DATA EXTRACT Start Marker

(* Let $G$ be the $3$-uniform tight cycle ($k=3$, $s=2$) with $n$ vertices. Then the maximum degree of $G$ is $\Delta=3$. When $n=4$, $\lambda(\mathcal{L})=4$. When $n\ge 5$, $\lambda(\mathcal{L})\le\Delta+1.5=4.5$.
   Context: A $k$-uniform $s$-cycle with $m$ edges has vertex set $\mathbb{Z}_n$, $n=m(k-s)$ (vertex $n+i$ identified with $i$), and edges $e_j=\{j(k-s)+1,\ldots,j(k-s)+k\}$, $j=0,\ldots,m-1$; it is assumed that $n\ge 2k-s$. For $k=3,s=2$ this means vertex set $\mathbb{Z}_n$, $n\ge 4$, with edges $\{j+1,j+2,j+3\}$ for $j=0,\ldots,n-1$. The degree $d_i$ of a vertex is the number of edges containing it. A Laplacian H-eigenvalue of $G$ is a real $\lambda$ for which there exists $\mathbf{x}\in\mathbb{R}^n\setminus\{0\}$ with $\lambda x_i^{k-1}=d_ix_i^{k-1}-\sum_{e\ni i}\prod_{j\in e\setminus\{i\}}x_j$ for all $i$ (equivalently, an H-eigenvalue of the Laplacian tensor $\mathcal{L}=\mathcal{D}-\mathcal{A}$, with $\mathcal{A}$ the adjacency tensor having entries $1/(k-1)!$ on edges and $\mathcal{D}$ the diagonal degree tensor); $\lambda(\mathcal{L})$ is the largest Laplacian H-eigenvalue. *)

theory Defs
  imports Complex_Main
begin

text \<open>The 3-uniform tight cycle (k = 3, s = 2) on vertex set Z_n, represented by
  {0..<n}; edge j is {j+1, j+2, j+3} taken mod n, for j = 0, ..., n-1.\<close>

definition tc_edge :: "nat \<Rightarrow> nat \<Rightarrow> nat set" where
  "tc_edge n j = {(j + 1) mod n, (j + 2) mod n, (j + 3) mod n}"

definition tc_edges :: "nat \<Rightarrow> nat set set" where
  "tc_edges n = tc_edge n ` {0..<n}"

definition tc_degree :: "nat \<Rightarrow> nat \<Rightarrow> nat" where
  "tc_degree n i = card {e \<in> tc_edges n. i \<in> e}"

definition tc_max_degree :: "nat \<Rightarrow> nat" where
  "tc_max_degree n = Max (tc_degree n ` {0..<n})"

text \<open>Laplacian H-eigenvalue (k = 3, so x_i^(k-1) = x_i^2).\<close>
definition tc_lap_H_eig :: "nat \<Rightarrow> real \<Rightarrow> bool" where
  "tc_lap_H_eig n lam \<longleftrightarrow>
     (\<exists>x :: nat \<Rightarrow> real. (\<exists>i<n. x i \<noteq> 0) \<and>
        (\<forall>i<n. lam * x i ^ 2 =
           real (tc_degree n i) * x i ^ 2
           - (\<Sum>e\<in>{e \<in> tc_edges n. i \<in> e}. \<Prod>j\<in>e - {i}. x j)))"

text \<open>Largest Laplacian H-eigenvalue (the set is finite and nonempty, so Sup is its maximum).\<close>
definition tc_lambda_L :: "nat \<Rightarrow> real" where
  "tc_lambda_L n = Sup {lam. tc_lap_H_eig n lam}"

end

theory Submission
  imports Defs "HOL-Number_Theory.Cong"
begin

text \<open>Every vertex i lies in exactly the three edges {i-2,i-1,i}, {i-1,i,i+1}, {i,i+1,i+2}, so
  the eigen-equation at i reads (\<lambda> - 3) x(i)^2 = -(x(i-2) x(i-1) + x(i-1) x(i+1) + x(i+1) x(i+2)).
  Scale an eigenvector so that an entry of largest modulus is x(i) = 1.
  For n = 4 the right-hand side is minus the sum of the pairwise products of the three other
  entries, which is at least -1; so \<lambda> \<le> 4, attained by (1,1,-1,-1).
  For n \<ge> 5 put \<mu> = \<lambda> - 3 > 0. If x(i-1) and x(i+1) have equal signs, then \<mu> \<le> 1.
  Otherwise, say x(i-1) < 0 < x(i+1), the equation at i-1 forces -x(i-2) \<ge> x(i+1)/2, and then
  \<mu> \<le> x(i+1) (1 - x(i-1)/2) \<le> 3/2.\<close>

lemma add_mod_left_neq:
  fixes i p q n :: nat
  assumes "p < n" "q < n" "p \<noteq> q"
  shows "(i + p) mod n \<noteq> (i + q) mod n"
  using assms cong_add_lcancel_nat[of i p q n] unfolding cong_def by simp

lemma mod_add_diff_mod:
  fixes a k n :: nat
  assumes "k \<le> n"
  shows "(a mod n + n - k) mod n = (a + n - k) mod n"
  using assms by (metis Nat.add_diff_assoc mod_add_left_eq)

lemma tc_edge_mod: "tc_edge n (j mod n) = tc_edge n j"
  unfolding tc_edge_def by (simp only: mod_add_left_eq)

lemma tc_edges_through:
  assumes "n \<ge> 3" "i < n"
  shows "tc_edge n ((i+n-3) mod n) = {(i+n-2) mod n, (i+n-1) mod n, i}"
    and "tc_edge n ((i+n-2) mod n) = {(i+n-1) mod n, i, (i+1) mod n}"
    and "tc_edge n ((i+n-1) mod n) = {i, (i+1) mod n, (i+2) mod n}"
proof -
  have "i+n-3+1 = i+n-2" "i+n-3+2 = i+n-1" "i+n-3+3 = i+n"
    "i+n-2+1 = i+n-1" "i+n-2+2 = i+n" "i+n-2+3 = (i+1)+n"
    "i+n-1+1 = i+n" "i+n-1+2 = (i+1)+n" "i+n-1+3 = (i+2)+n"
    using assms by auto
  moreover have "(i+n) mod n = i" using assms by simp
  ultimately show "tc_edge n ((i+n-3) mod n) = {(i+n-2) mod n, (i+n-1) mod n, i}"
    and "tc_edge n ((i+n-2) mod n) = {(i+n-1) mod n, i, (i+1) mod n}"
    and "tc_edge n ((i+n-1) mod n) = {i, (i+1) mod n, (i+2) mod n}"
    unfolding tc_edge_mod by (simp_all only: tc_edge_def mod_add_self2)
qed

lemma tc_edge_index_if_mem:
  assumes "n \<ge> 3" "j < n" "i \<in> tc_edge n j"
  shows "j \<in> {(i+n-3) mod n, (i+n-2) mod n, (i+n-1) mod n}"
proof -
  have shift_back: "((j+k) mod n + n - k) mod n = j" if "k \<le> n" for k
  proof -
    have "((j+k) mod n + n - k) mod n = (j+k+n-k) mod n" using that by (rule mod_add_diff_mod)
    also have "\<dots> = j" using that \<open>j < n\<close> by simp
    finally show ?thesis .
  qed
  from assms(3) consider "i = (j+1) mod n" | "i = (j+2) mod n" | "i = (j+3) mod n"
    unfolding tc_edge_def by blast
  then show ?thesis using shift_back[of 1] shift_back[of 2] shift_back[of 3] assms(1) by cases auto
qed

lemma tc_edges_containing:
  assumes "n \<ge> 3" "i < n"
  shows "{e \<in> tc_edges n. i \<in> e} =
    {{(i+n-2) mod n, (i+n-1) mod n, i}, {(i+n-1) mod n, i, (i+1) mod n}, {i, (i+1) mod n, (i+2) mod n}}"
    (is "?L = ?R")
proof
  show "?L \<subseteq> ?R"
  proof
    fix e assume "e \<in> ?L"
    then obtain j where "j < n" "i \<in> tc_edge n j" and e: "e = tc_edge n j"
      unfolding tc_edges_def by auto
    then have "j \<in> {(i+n-3) mod n, (i+n-2) mod n, (i+n-1) mod n}"
      by (intro tc_edge_index_if_mem[OF assms(1)])
    then show "e \<in> ?R" unfolding e
      by (elim insertE emptyE) (simp_all only: tc_edges_through[OF assms] insert_iff simp_thms)
  qed
  have "?R = tc_edge n ` {(i+n-3) mod n, (i+n-2) mod n, (i+n-1) mod n}"
    by (simp only: image_insert image_empty tc_edges_through[OF assms])
  also have "\<dots> \<subseteq> tc_edges n"
    unfolding tc_edges_def using assms by (intro image_mono) auto
  finally show "?R \<subseteq> ?L" by auto
qed

lemma tc_neighbours_distinct:
  fixes n i :: nat
  assumes "n \<ge> 4" "i < n"
  shows "(i+n-2) mod n \<noteq> (i+n-1) mod n" "(i+n-2) mod n \<noteq> i" "(i+n-2) mod n \<noteq> (i+1) mod n"
    "(i+n-1) mod n \<noteq> i" "(i+n-1) mod n \<noteq> (i+1) mod n" "(i+n-1) mod n \<noteq> (i+2) mod n"
    "(i+1) mod n \<noteq> i" "(i+2) mod n \<noteq> i" "(i+1) mod n \<noteq> (i+2) mod n"
proof -
  have ne_i: "(i + p) mod n \<noteq> i" if "0 < p" "p < n" for p
    using add_mod_left_neq[of p n 0 i] that assms(2) by simp
  have m2: "i+n-2 = i+(n-2)" and m1: "i+n-1 = i+(n-1)" using assms by auto
  show "(i+n-2) mod n \<noteq> (i+n-1) mod n" unfolding m1 m2 by (rule add_mod_left_neq) (use assms in linarith)+
  show "(i+n-2) mod n \<noteq> i" unfolding m2 by (rule ne_i) (use assms in linarith)+
  show "(i+n-2) mod n \<noteq> (i+1) mod n" unfolding m2 by (rule add_mod_left_neq) (use assms in linarith)+
  show "(i+n-1) mod n \<noteq> i" unfolding m1 by (rule ne_i) (use assms in linarith)+
  show "(i+n-1) mod n \<noteq> (i+1) mod n" unfolding m1 by (rule add_mod_left_neq) (use assms in linarith)+
  show "(i+n-1) mod n \<noteq> (i+2) mod n" unfolding m1 by (rule add_mod_left_neq) (use assms in linarith)+
  show "(i+1) mod n \<noteq> i" by (rule ne_i) (use assms in linarith)+
  show "(i+2) mod n \<noteq> i" by (rule ne_i) (use assms in linarith)+
  show "(i+1) mod n \<noteq> (i+2) mod n" by (rule add_mod_left_neq) (use assms in linarith)+
qed

lemma tc_edges_containing_distinct:
  fixes n i :: nat
  assumes "n \<ge> 4" "i < n"
  shows "{(i+n-2) mod n, (i+n-1) mod n, i} \<noteq> {(i+n-1) mod n, i, (i+1) mod n}"
    and "{(i+n-2) mod n, (i+n-1) mod n, i} \<noteq> {i, (i+1) mod n, (i+2) mod n}"
    and "{(i+n-1) mod n, i, (i+1) mod n} \<noteq> {i, (i+1) mod n, (i+2) mod n}"
proof -
  note d = tc_neighbours_distinct[OF assms]
  have "(i+n-2) mod n \<notin> {(i+n-1) mod n, i, (i+1) mod n}"
    "(i+n-1) mod n \<notin> {i, (i+1) mod n, (i+2) mod n}"
    using d by simp_all
  then show "{(i+n-2) mod n, (i+n-1) mod n, i} \<noteq> {(i+n-1) mod n, i, (i+1) mod n}"
    and "{(i+n-2) mod n, (i+n-1) mod n, i} \<noteq> {i, (i+1) mod n, (i+2) mod n}"
    and "{(i+n-1) mod n, i, (i+1) mod n} \<noteq> {i, (i+1) mod n, (i+2) mod n}"
    by blast+
qed

lemma tc_degree_eq_3:
  assumes "n \<ge> 4" "i < n"
  shows "tc_degree n i = 3"
proof -
  have "n \<ge> 3" using assms by simp
  then show ?thesis using tc_edges_containing_distinct[OF assms]
    unfolding tc_degree_def tc_edges_containing[OF \<open>n \<ge> 3\<close> assms(2)] by simp
qed

lemma tc_max_degree_eq_3:
  assumes "n \<ge> 4"
  shows "tc_max_degree n = 3"
proof -
  have "tc_degree n ` {0..<n} = {3}"
    using assms tc_degree_eq_3[OF assms] by (auto intro!: image_eqI[of 3 _ 0])
  then show ?thesis unfolding tc_max_degree_def by simp
qed

text \<open>Vertex i - k of Z_n is written (i + n - k) mod n, avoiding truncated subtraction.\<close>

definition tc_link_sum :: "(nat \<Rightarrow> real) \<Rightarrow> nat \<Rightarrow> nat \<Rightarrow> real" where
  "tc_link_sum x n i = x ((i+n-2) mod n) * x ((i+n-1) mod n) + x ((i+n-1) mod n) * x ((i+1) mod n)
     + x ((i+1) mod n) * x ((i+2) mod n)"

lemma sum_tc_edges_containing:
  assumes "n \<ge> 4" "i < n"
  shows "(\<Sum>e\<in>{e \<in> tc_edges n. i \<in> e}. \<Prod>j\<in>e - {i}. x j) = tc_link_sum x n i"
proof -
  note d = tc_neighbours_distinct[OF assms]
  have sum3: "sum g {A, B, C} = g A + g B + g C" if "A \<noteq> B" "A \<noteq> C" "B \<noteq> C"
    for g :: "nat set \<Rightarrow> real" and A B C
    using that by simp
  have prod2: "prod x {p, q} = x p * x q" if "p \<noteq> q" for p q
    using that by simp
  have "n \<ge> 3" using assms by simp
  have "{(i+n-2) mod n, (i+n-1) mod n, i} - {i} = {(i+n-2) mod n, (i+n-1) mod n}"
    "{(i+n-1) mod n, i, (i+1) mod n} - {i} = {(i+n-1) mod n, (i+1) mod n}"
    "{i, (i+1) mod n, (i+2) mod n} - {i} = {(i+1) mod n, (i+2) mod n}"
    using d by auto
  then show ?thesis
    unfolding tc_edges_containing[OF \<open>n \<ge> 3\<close> assms(2)] tc_link_sum_def
      sum3[OF tc_edges_containing_distinct[OF assms]]
    by (simp only: prod2 d not_False_eq_True)
qed

lemma tc_lap_H_eig_iff:
  assumes "n \<ge> 4"
  shows "tc_lap_H_eig n lam \<longleftrightarrow>
    (\<exists>x. (\<exists>i<n. x i \<noteq> 0) \<and> (\<forall>i<n. lam * x i ^ 2 = 3 * x i ^ 2 - tc_link_sum x n i))"
  unfolding tc_lap_H_eig_def using tc_degree_eq_3[OF assms] sum_tc_edges_containing[OF assms] by simp

lemma tc_link_sum_scale: "tc_link_sum (\<lambda>j. c * x j) n i = c\<^sup>2 * tc_link_sum x n i"
  unfolding tc_link_sum_def by (simp add: algebra_simps power2_eq_square)

lemma tc_lap_H_eig_normalized_eigvec:
  assumes "n \<ge> 4" "tc_lap_H_eig n lam"
  obtains y i where "i < n" "y i = 1" "\<forall>j<n. \<bar>y j\<bar> \<le> 1"
    "\<forall>j<n. lam * y j ^ 2 = 3 * y j ^ 2 - tc_link_sum y n j"
proof -
  obtain x k where "k < n" "x k \<noteq> 0" and eq: "\<forall>j<n. lam * x j ^ 2 = 3 * x j ^ 2 - tc_link_sum x n j"
    using assms(2) unfolding tc_lap_H_eig_iff[OF assms(1)] by blast
  obtain i where i: "i < n" and i_max: "Max ((\<lambda>j. \<bar>x j\<bar>) ` {..<n}) = \<bar>x i\<bar>"
    using obtains_MAX[of "{..<n}"] \<open>k < n\<close> by blast
  have max: "\<forall>j<n. \<bar>x j\<bar> \<le> \<bar>x i\<bar>"
    unfolding i_max[symmetric] by simp
  have "x i \<noteq> 0" using max \<open>k < n\<close> \<open>x k \<noteq> 0\<close> by fastforce
  define y where "y j = x j / x i" for j
  have "y i = 1" using \<open>x i \<noteq> 0\<close> unfolding y_def by simp
  moreover have "\<forall>j<n. \<bar>y j\<bar> \<le> 1"
    using max \<open>x i \<noteq> 0\<close> unfolding y_def by (simp add: abs_divide divide_le_eq_1)
  moreover have "\<forall>j<n. lam * y j ^ 2 = 3 * y j ^ 2 - tc_link_sum y n j"
  proof (intro allI impI)
    fix j assume "j < n"
    have "tc_link_sum y n j = tc_link_sum x n j / (x i)\<^sup>2"
      using tc_link_sum_scale[of "1 / x i" x n j] unfolding y_def by (simp add: power_divide)
    moreover have "y j ^ 2 = x j ^ 2 / x i ^ 2" unfolding y_def by (rule power_divide)
    moreover have "lam * x j ^ 2 / x i ^ 2 = 3 * x j ^ 2 / x i ^ 2 - tc_link_sum x n j / x i ^ 2"
      using eq \<open>j < n\<close> by (simp add: diff_divide_distrib)
    ultimately show "lam * y j ^ 2 = 3 * y j ^ 2 - tc_link_sum y n j" by simp
  qed
  ultimately show ?thesis using i by (intro that)
qed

DATA EXTRACT End Marker

→ PROBLEM STATEMENT:
Only one stretch of the data above is needed. Restate it word for word, from the line containing "text \<open>Largest Laplacian" through the line containing "Scale an eigenvector", both ends included.

→ WRITTEN ANSWER:
text \<open>Largest Laplacian H-eigenvalue (the set is finite and nonempty, so Sup is its maximum).\<close>
definition tc_lambda_L :: "nat \<Rightarrow> real" where
  "tc_lambda_L n = Sup {lam. tc_lap_H_eig n lam}"

end

theory Submission
  imports Defs "HOL-Number_Theory.Cong"
begin

text \<open>Every vertex i lies in exactly the three edges {i-2,i-1,i}, {i-1,i,i+1}, {i,i+1,i+2}, so
  the eigen-equation at i reads (\<lambda> - 3) x(i)^2 = -(x(i-2) x(i-1) + x(i-1) x(i+1) + x(i+1) x(i+2)).
  Scale an eigenvector so that an entry of largest modulus is x(i) = 1.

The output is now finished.